▶ _Exercise_
Going through the listing below, tally the lines that contain the word "cases" and give only that figure.

▶ _Extracted information_
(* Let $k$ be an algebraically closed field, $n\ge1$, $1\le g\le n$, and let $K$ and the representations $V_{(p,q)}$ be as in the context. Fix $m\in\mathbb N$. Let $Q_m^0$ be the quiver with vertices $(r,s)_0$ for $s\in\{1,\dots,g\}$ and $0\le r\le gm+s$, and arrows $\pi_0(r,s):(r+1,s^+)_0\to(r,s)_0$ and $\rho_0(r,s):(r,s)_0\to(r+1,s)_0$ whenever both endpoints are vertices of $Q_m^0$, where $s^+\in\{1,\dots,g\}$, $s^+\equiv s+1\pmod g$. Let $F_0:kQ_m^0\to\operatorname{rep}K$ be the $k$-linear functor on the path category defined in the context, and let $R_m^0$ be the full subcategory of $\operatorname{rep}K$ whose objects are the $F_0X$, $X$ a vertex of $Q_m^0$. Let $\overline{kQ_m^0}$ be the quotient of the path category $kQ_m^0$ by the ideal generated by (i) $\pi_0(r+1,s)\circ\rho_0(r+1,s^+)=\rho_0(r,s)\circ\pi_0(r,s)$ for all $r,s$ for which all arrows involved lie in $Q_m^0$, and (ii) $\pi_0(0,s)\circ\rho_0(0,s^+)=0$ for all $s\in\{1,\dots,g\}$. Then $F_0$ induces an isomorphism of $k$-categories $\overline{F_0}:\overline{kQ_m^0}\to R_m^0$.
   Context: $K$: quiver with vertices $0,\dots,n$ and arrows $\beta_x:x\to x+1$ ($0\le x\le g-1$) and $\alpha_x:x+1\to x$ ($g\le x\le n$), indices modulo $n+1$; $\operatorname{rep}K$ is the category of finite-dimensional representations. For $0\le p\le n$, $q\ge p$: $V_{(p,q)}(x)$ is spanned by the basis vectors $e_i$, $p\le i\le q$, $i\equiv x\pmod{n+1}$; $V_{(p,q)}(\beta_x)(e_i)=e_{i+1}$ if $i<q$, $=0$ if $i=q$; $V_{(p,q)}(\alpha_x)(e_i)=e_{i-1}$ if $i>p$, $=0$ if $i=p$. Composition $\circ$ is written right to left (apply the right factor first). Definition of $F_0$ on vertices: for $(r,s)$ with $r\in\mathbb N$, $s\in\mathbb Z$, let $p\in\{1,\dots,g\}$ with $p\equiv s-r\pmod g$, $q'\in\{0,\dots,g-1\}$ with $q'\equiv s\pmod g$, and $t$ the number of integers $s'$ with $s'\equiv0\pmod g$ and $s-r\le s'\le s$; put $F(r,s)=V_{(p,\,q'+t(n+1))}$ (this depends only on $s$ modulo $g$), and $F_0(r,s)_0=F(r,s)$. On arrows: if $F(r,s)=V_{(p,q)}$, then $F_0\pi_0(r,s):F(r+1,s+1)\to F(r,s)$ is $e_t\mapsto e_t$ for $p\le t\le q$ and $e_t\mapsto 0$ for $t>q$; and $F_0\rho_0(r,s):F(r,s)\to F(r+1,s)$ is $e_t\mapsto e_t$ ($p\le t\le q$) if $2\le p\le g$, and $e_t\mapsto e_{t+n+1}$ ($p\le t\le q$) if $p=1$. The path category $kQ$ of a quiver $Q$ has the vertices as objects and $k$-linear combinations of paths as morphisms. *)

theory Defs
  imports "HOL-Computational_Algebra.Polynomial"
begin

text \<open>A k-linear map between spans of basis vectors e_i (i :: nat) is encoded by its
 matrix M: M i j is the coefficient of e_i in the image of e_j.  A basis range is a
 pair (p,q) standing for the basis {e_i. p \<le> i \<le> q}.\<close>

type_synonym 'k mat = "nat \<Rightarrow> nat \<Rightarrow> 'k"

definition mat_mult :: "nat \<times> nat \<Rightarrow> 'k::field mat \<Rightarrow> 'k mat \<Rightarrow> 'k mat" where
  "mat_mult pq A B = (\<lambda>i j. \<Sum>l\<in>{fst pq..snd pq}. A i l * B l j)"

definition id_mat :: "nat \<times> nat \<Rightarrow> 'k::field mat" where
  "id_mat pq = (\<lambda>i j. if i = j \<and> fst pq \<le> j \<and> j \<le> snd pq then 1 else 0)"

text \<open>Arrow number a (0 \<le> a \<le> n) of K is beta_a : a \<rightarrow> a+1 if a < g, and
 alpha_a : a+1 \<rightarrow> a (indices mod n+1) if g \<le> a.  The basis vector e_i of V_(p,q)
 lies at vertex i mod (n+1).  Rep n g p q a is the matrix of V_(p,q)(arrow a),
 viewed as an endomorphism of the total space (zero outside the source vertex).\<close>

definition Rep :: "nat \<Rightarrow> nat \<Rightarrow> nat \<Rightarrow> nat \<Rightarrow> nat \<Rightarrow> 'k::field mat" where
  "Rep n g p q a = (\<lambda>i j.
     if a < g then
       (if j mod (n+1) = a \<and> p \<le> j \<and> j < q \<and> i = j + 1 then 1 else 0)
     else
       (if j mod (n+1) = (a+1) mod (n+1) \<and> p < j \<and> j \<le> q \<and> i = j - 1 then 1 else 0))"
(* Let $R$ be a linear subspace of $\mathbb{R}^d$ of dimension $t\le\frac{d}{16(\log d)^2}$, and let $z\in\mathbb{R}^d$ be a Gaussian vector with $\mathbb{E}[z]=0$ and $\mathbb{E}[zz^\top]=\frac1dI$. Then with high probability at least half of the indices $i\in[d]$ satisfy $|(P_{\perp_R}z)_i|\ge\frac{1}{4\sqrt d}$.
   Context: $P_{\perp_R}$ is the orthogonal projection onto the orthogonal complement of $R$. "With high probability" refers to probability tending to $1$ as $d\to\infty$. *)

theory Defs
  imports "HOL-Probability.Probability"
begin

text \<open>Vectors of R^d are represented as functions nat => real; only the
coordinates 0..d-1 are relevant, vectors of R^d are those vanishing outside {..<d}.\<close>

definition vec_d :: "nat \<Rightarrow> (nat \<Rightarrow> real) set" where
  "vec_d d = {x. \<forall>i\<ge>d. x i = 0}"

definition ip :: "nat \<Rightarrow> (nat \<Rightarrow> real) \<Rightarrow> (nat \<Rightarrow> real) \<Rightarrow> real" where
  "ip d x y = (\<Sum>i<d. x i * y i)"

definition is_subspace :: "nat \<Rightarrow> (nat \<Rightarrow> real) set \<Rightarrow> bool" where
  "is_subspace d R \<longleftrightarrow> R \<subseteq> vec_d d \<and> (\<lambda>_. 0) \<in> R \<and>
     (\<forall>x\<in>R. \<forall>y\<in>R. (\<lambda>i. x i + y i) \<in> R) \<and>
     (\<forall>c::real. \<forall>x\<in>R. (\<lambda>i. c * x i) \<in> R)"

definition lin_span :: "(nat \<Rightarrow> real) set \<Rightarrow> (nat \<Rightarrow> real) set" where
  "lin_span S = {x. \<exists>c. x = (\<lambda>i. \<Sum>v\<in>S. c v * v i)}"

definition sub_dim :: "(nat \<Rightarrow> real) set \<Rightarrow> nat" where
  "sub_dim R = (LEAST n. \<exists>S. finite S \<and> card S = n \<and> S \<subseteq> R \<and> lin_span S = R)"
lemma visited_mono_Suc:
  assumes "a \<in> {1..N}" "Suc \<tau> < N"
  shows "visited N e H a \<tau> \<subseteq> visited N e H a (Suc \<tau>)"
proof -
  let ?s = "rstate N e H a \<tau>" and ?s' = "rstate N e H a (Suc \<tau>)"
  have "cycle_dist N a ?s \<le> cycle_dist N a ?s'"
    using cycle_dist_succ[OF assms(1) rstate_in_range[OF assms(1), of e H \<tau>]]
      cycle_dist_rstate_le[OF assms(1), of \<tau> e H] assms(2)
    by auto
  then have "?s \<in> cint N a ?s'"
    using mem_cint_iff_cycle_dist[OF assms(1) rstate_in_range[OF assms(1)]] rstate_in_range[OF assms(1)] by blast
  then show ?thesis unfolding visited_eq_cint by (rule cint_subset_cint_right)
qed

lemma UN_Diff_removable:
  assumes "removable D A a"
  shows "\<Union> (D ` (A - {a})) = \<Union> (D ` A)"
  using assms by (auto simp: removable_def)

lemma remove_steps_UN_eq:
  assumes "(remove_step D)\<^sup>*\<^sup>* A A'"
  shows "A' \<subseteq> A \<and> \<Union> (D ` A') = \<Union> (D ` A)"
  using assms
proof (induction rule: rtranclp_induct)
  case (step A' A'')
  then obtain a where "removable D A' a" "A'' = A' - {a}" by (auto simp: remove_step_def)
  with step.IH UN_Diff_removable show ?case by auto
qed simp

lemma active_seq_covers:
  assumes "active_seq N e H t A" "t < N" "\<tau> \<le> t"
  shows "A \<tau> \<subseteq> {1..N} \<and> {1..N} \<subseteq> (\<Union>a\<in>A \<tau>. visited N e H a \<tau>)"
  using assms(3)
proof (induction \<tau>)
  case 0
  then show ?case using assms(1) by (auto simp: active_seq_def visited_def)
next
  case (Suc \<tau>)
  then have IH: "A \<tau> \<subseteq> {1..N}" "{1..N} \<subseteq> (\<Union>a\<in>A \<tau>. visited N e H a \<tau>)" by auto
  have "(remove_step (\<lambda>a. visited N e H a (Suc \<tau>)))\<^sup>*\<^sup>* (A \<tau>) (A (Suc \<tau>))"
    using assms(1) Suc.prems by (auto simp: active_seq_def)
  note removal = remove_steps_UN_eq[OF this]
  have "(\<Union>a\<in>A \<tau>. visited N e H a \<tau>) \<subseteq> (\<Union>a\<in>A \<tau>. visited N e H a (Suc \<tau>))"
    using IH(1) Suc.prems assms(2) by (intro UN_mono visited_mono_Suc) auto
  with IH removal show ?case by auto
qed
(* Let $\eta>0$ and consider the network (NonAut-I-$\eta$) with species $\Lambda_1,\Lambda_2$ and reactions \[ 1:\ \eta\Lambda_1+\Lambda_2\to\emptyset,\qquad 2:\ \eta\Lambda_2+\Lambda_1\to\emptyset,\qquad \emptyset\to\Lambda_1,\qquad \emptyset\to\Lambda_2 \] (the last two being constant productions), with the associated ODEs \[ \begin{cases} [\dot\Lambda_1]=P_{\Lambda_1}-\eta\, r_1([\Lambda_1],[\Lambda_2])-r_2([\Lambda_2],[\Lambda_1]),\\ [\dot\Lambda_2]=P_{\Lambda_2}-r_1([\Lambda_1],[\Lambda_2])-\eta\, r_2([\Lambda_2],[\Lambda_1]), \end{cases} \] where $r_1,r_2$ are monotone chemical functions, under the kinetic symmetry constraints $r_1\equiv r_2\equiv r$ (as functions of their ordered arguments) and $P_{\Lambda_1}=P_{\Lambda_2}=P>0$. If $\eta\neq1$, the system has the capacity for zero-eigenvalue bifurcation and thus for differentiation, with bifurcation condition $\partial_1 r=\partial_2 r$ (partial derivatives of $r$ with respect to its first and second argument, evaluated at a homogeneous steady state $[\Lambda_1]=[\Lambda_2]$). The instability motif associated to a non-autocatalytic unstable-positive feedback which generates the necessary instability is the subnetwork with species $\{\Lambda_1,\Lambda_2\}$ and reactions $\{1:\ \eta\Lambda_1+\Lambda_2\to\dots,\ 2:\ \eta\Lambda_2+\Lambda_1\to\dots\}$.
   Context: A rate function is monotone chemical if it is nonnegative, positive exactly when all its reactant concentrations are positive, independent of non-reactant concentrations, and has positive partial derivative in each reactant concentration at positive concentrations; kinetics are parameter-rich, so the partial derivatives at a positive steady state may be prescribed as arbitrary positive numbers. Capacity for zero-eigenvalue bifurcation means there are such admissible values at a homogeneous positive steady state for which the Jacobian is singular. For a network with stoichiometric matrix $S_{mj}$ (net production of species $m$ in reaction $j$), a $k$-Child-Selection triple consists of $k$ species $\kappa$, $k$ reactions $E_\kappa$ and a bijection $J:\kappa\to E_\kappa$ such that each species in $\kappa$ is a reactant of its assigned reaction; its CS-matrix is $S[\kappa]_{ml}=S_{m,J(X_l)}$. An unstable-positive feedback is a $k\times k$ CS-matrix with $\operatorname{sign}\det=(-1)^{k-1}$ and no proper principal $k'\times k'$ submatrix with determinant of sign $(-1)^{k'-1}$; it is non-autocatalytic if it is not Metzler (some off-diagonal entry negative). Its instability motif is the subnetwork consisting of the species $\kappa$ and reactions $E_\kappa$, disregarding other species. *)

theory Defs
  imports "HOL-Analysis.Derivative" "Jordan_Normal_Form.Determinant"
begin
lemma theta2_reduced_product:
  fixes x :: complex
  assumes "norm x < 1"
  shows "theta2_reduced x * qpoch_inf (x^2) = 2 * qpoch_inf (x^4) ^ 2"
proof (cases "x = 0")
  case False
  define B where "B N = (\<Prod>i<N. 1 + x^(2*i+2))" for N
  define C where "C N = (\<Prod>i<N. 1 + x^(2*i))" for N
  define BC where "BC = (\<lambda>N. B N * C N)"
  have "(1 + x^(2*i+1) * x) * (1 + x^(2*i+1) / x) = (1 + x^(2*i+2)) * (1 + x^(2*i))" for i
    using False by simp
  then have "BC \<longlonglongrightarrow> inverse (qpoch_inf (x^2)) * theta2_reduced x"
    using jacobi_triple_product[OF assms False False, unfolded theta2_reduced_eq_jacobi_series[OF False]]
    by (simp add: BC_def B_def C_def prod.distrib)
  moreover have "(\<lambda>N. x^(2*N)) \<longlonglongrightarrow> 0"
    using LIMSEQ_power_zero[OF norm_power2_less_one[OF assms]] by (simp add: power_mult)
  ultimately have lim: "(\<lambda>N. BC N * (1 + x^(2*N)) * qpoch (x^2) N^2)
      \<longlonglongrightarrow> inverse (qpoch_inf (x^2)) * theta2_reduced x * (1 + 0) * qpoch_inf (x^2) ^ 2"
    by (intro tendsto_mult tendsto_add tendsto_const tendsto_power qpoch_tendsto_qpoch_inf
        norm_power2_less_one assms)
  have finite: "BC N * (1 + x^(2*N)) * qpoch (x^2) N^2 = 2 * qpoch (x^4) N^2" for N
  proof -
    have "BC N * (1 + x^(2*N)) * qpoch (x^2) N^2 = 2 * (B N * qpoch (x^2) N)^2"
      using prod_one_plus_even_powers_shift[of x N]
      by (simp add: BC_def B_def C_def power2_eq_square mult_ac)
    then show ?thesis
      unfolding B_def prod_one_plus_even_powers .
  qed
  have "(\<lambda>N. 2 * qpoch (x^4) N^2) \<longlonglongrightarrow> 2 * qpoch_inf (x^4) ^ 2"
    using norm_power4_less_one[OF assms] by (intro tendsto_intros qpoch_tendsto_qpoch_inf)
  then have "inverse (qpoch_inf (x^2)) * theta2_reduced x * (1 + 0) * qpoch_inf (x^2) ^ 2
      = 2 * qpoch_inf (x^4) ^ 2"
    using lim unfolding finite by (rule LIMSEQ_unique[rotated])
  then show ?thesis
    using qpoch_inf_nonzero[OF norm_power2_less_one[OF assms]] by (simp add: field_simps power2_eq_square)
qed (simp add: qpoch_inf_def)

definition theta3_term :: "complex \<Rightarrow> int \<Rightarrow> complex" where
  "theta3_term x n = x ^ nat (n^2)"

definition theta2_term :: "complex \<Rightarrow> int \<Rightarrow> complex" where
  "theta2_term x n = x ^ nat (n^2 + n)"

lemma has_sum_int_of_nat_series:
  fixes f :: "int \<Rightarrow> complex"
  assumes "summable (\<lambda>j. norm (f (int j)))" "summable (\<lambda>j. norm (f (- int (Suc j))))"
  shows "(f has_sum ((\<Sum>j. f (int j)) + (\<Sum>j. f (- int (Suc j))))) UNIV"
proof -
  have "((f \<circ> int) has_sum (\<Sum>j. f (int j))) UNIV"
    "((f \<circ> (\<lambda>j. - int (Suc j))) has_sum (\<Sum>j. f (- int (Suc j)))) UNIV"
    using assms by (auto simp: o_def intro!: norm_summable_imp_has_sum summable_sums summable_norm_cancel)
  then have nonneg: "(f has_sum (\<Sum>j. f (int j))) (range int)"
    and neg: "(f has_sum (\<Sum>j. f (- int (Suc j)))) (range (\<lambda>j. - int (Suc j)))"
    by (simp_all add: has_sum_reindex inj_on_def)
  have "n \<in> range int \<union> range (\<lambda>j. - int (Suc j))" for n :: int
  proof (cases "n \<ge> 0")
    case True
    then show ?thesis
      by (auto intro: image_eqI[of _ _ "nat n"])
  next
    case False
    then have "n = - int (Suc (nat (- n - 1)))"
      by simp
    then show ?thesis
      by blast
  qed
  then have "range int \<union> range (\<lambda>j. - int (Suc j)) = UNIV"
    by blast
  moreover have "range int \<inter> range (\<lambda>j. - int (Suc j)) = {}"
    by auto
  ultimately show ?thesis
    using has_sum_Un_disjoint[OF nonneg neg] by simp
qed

▶ _Result for this exercise_
3